_Task description_: When a line in the data below includes "lemma", pick it out and copy it.

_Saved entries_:
lemma poly_cheb_poly_cos: "poly (cheb_poly n) (cos t) = cos (real n * t)"
proof (induction n rule: cheb_poly.induct)
  case (3 n)
  have "cos (real (Suc (Suc n)) * t) + cos (real n * t) = 2 * cos t * cos (real (Suc n) * t)"
    using cos_add[of "real (Suc n) * t" t] cos_diff[of "real (Suc n) * t" t]
    by (simp add: algebra_simps)
  then show ?case
    using 3 by (simp add: algebra_simps)
qed auto

lemma poly_cheb_poly_eq_cheb_T:
  assumes "1 \<le> w\<^sup>2"
  shows "poly (cheb_poly n) w = cheb_T n w"
proof -
  define s where "s = sqrt (w\<^sup>2 - 1)"
  have "s\<^sup>2 = w\<^sup>2 - 1"
    using assms by (simp add: s_def)
  then have square_plus: "(w + s)\<^sup>2 = 2 * w * (w + s) - 1"
    and square_minus: "(w - s)\<^sup>2 = 2 * w * (w - s) - 1"
    by (simp_all add: power2_eq_square algebra_simps)
  have recurrence: "z ^ Suc (Suc k) = 2 * w * z ^ Suc k - z ^ k" if "z\<^sup>2 = 2 * w * z - 1" for z k
  proof -
    have "z ^ Suc (Suc k) = z ^ k * z\<^sup>2"
      by (simp add: power2_eq_square)
    also have "\<dots> = z ^ k * (2 * w * z - 1)"
      by (simp only: that)
    also have "\<dots> = 2 * w * z ^ Suc k - z ^ k"
      by (simp add: algebra_simps)
    finally show ?thesis .
  qed
  have closed_form: "cheb_T k w = ((w + s) ^ k + (w - s) ^ k) / 2" for k
    by (simp add: cheb_T_def s_def)
  show ?thesis
  proof (induction n rule: cheb_poly.induct)
    case (3 n)
    have "poly (cheb_poly (Suc (Suc n))) w
        = 2 * w * poly (cheb_poly (Suc n)) w - poly (cheb_poly n) w"
      by simp
    also have "\<dots> = 2 * w * (((w + s) ^ Suc n + (w - s) ^ Suc n) / 2)
                     - ((w + s) ^ n + (w - s) ^ n) / 2"
      using 3 by (simp only: closed_form)
    also have "\<dots> = ((2 * w * (w + s) ^ Suc n - (w + s) ^ n)
                     + (2 * w * (w - s) ^ Suc n - (w - s) ^ n)) / 2"
      by argo
    also have "\<dots> = cheb_T (Suc (Suc n)) w"
      by (simp only: closed_form recurrence[OF square_plus] recurrence[OF square_minus])
    finally show ?case .
  qed (simp_all add: closed_form)
qed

_Answer section_:
lemma poly_cheb_poly_cos: "poly (cheb_poly n) (cos t) = cos (real n * t)"
lemma poly_cheb_poly_eq_cheb_T:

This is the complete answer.